На другой день скопища стали увеличиваться, военной силы на улицах видно было много больше, но между двумя лагерями не было уже ясной демаркационной линии. Одного из казаков, которые считались специалистами по части усмирения уличных волнений, стащили с лошади, и он побратался с толпой. Весть об этом мигом разнеслась по городу, и безвестный казак вывел весы из колебательного состояния, разбил оковы традиции. Бывает обстановка, в которой ружья сами собой начинают стрелять. Но случается и обратное, хотя куда реже – что ружья вдруг теряют способность стрелять или, лучше сказать, не находят прицела, разряжаются в воздух, и выстрел не смерть несет, а звучит призывным набатом, заглушающим неуверенность стрелявших. Другим средством для поднятия недостававшей бодрости, подавления глубоко внедренного страха ответственности за нарушение скрепленного присягой служебного долга явилось разграбление винных погребов. Когда солдаты распивали богатейшие запасы дворцовых подвалов, один молодой сотрудник наш был уверен, что их подпаивает начальство, чтобы в возбужденном состоянии бросить на толпу. Пустяки! Начальство сразу же забастовало. Оно давно уже, еще во времена формального могущества своего, перестало сомневаться, что рано или поздно крах непременно произойдет, и, как только признаки краха объявились, начальству и мысль о сопротивлении, о борьбе, вероятно, и в голову не приходила. Сдаться на милость победителю, больше ничего не остается. При таком настроении власти непонятна была забастовка рабочих, но это была дань всемогущему трафарету, и совсем уж противоестественна была забастовка типографий, вызвавшая паралич газет. Образовавшаяся с их исчезновением пустота с лихвой заполнялась разнообразнейшими, конечно, противоречивыми слухами и рассказами. Как жаль, что они бесследно рассеялись, что никто не пытался их регистрировать – они дали бы ценнейший материал для суждения, сколь далеко расходилась действительность с догадками и надеждами, служившими источником слухов. В противоположность 1905 году, когда царила уверенность в победе революции, теперь настроение было выжидательное, готовое от толчка шарахнуться в ту или другую сторону, и конец неопределенности положило известие об отречении государя, официально признавшее победу революции.

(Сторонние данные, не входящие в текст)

text \<open>Write \<open>D = D(P)\<close>. Since \<open>P\<close> and \<open>A\<close> are symmetric, the commutator \<open>B = PA - AP\<close> is
  skew-symmetric on \<open>D\<close>, and by boundedness of \<open>B\<close> and density of \<open>D\<close> we get
  \<open>\<langle>Bx, u\<rangle> = -\<langle>x, Bu\<rangle>\<close> for every \<open>u\<close>. Closedness of \<open>AP\<close>: if \<open>f\<^sub>n \<rightarrow> f\<close> and \<open>APf\<^sub>n \<rightarrow> g\<close>, then
  \<open>PAf\<^sub>n = APf\<^sub>n + Bf\<^sub>n \<rightarrow> g + Bf\<close>, so closedness of \<open>P\<close> gives \<open>Af \<in> D\<close>, hence \<open>f \<in> D\<close> and
  \<open>APf = g\<close>. Self-adjointness of \<open>APA\<close>: it is symmetric on \<open>D\<close>, and if \<open>\<langle>APAx, y\<rangle> = \<langle>x, z\<rangle>\<close>
  for all \<open>x \<in> D\<close>, then rewriting \<open>PA = AP + B\<close> and using skewness of \<open>B\<close> shows that
  \<open>A\<^sup>2y\<close> lies in the domain of \<open>P\<^sup>* = P\<close>; so \<open>y \<in> D\<close>, and density of \<open>D\<close> identifies \<open>z\<close>.\<close>

lemma scaleC_minus_one: "scaleC (-1) (x::'a::chilbert_space) = - x"
  using scaleC_of_real[of "-1" x] by simp

lemma cinner_minus_left: "cinner (- x) (y::'a::chilbert_space) = - cinner x y"
  using cinner_scaleC_left[of "-1" x y] by (simp add: scaleC_minus_one)

lemma cinner_diff_left: "cinner (x - y) (z::'a::chilbert_space) = cinner x z - cinner y z"
  using cinner_add_left[of x "-y" z] by (simp add: cinner_minus_left)

lemma cinner_add_right: "cinner x (y + z) = cinner x y + cinner x (z::'a::chilbert_space)"
  by (metis cinner_add_left cinner_commute complex_cnj_add)

lemma cinner_diff_right: "cinner x (y - z) = cinner x y - cinner x (z::'a::chilbert_space)"
  by (metis cinner_diff_left cinner_commute complex_cnj_diff)

lemma power2_norm_eq_cinner: "(norm (x::'a::chilbert_space))\<^sup>2 = Re (cinner x x)"
  using norm_eq_sqrt_cinner[of x] cinner_self_nonneg[of x] by simp

lemma Re_cinner_polarization:
  "Re (cinner a (u::'a::chilbert_space)) = ((norm (a + u))\<^sup>2 - (norm (a - u))\<^sup>2) / 4"
  unfolding power2_norm_eq_cinner
  by (simp add: cinner_add_left cinner_add_right cinner_diff_left cinner_diff_right
      cinner_commute[of u a])

text \<open>Continuity of the inner product via polarization, avoiding Cauchy-Schwarz.\<close>
lemma tendsto_cinner_right:
  fixes f :: "'b \<Rightarrow> 'a::chilbert_space"
  assumes "(f \<longlongrightarrow> l) F"
  shows "((\<lambda>n. cinner a (f n)) \<longlongrightarrow> cinner a l) F"
proof -
  have Re: "((\<lambda>n. Re (cinner b (f n))) \<longlongrightarrow> Re (cinner b l)) F" for b
    unfolding Re_cinner_polarization by (intro tendsto_intros assms) simp_all
  have "Im (cinner b u) = Re (cinner (scaleC \<i> b) u)" for b u :: 'a
    by (simp add: cinner_scaleC_left)
  then show ?thesis
    unfolding tendsto_complex_iff using Re[of a] Re[of "scaleC \<i> a"] by simp
qed

lemma tendsto_cinner_left:
  fixes f :: "'b \<Rightarrow> 'a::chilbert_space"
  assumes "(f \<longlongrightarrow> l) F"
  shows "((\<lambda>n. cinner (f n) a) \<longlongrightarrow> cinner l a) F"
  using tendsto_cnj[OF tendsto_cinner_right[OF assms, of a]]
  by (simp add: cinner_commute[of _ a])

lemma cinner_dense_eq_0_imp_eq_0:
  fixes w :: "'a::chilbert_space"
  assumes "closure D = UNIV" "\<And>x. x \<in> D \<Longrightarrow> cinner x w = 0"
  shows "w = 0"
proof -
  obtain s where s: "\<And>n. s n \<in> D" "s \<longlonglongrightarrow> w"
    using assms(1) closure_sequential by blast
  have "(\<lambda>n. cinner (s n) w) \<longlonglongrightarrow> cinner w w"
    by (rule tendsto_cinner_left[OF s(2)])
  moreover have "(\<lambda>n. cinner (s n) w) = (\<lambda>n. 0)"
    using s(1) assms(2) by simp
  ultimately have "(\<lambda>n. 0) \<longlonglongrightarrow> cinner w w" by simp
  then have "cinner w w = 0" by (simp add: LIMSEQ_const_iff)
  then show ?thesis by (simp only: cinner_self_eq_0)
qed

lemma bounded_op_imp_bounded_linear:
  assumes "bounded_op (T::'a::chilbert_space \<Rightarrow> 'a)"
  shows "bounded_linear T"
proof -
  from assms obtain K where K: "\<And>x. norm (T x) \<le> K * norm x"
    and add: "\<And>x y. T (x + y) = T x + T y"
    and scale: "\<And>c x. T (scaleC c x) = scaleC c (T x)"
    unfolding bounded_op_def linear_op_def by blast
  show ?thesis
  proof (rule bounded_linear_intro[where K = K])
    show "T (x + y) = T x + T y" for x y by (rule add)
    show "T (r *\<^sub>R x) = r *\<^sub>R T x" for r x
      using scale[of "complex_of_real r" x] by (simp add: scaleC_of_real)
    show "norm (T x) \<le> norm x * K" for x
      using K[of x] by (simp add: mult.commute)
  qed
qed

Настроение было примерно такое же, как у бюрократии, – вот и осуществилось предчувствие, что России непоправимо дорого обойдется участие в войне с заранее предрешенным, каких бы жертв она ни требовала, исходом. Положительно утверждаю, что ни одной минуты не верил, что революции удастся прекратить разруху, обуздать стихию, всеми фибрами души ощущал, что мы стоим на наклонной плоскости, на которой удержаться немыслимо, а куда соскользнем – не вижу, и сохраним ли при этом голову на плечах – не думаю. Впервые за уже тридцатилетнюю литературную деятельность, проникнутую наивной искренностью и счастливой убежденностью в правоте высказываемых слов, я стал лицемером. Славословие вообще не в моем вкусе, его не могли воспитать минувшие годы борьбы, но совсем уже тяжко было, что требовалось не только насилие над привычкой, а приходилось просто кривить душой. Я писал о «великой бескровной революции»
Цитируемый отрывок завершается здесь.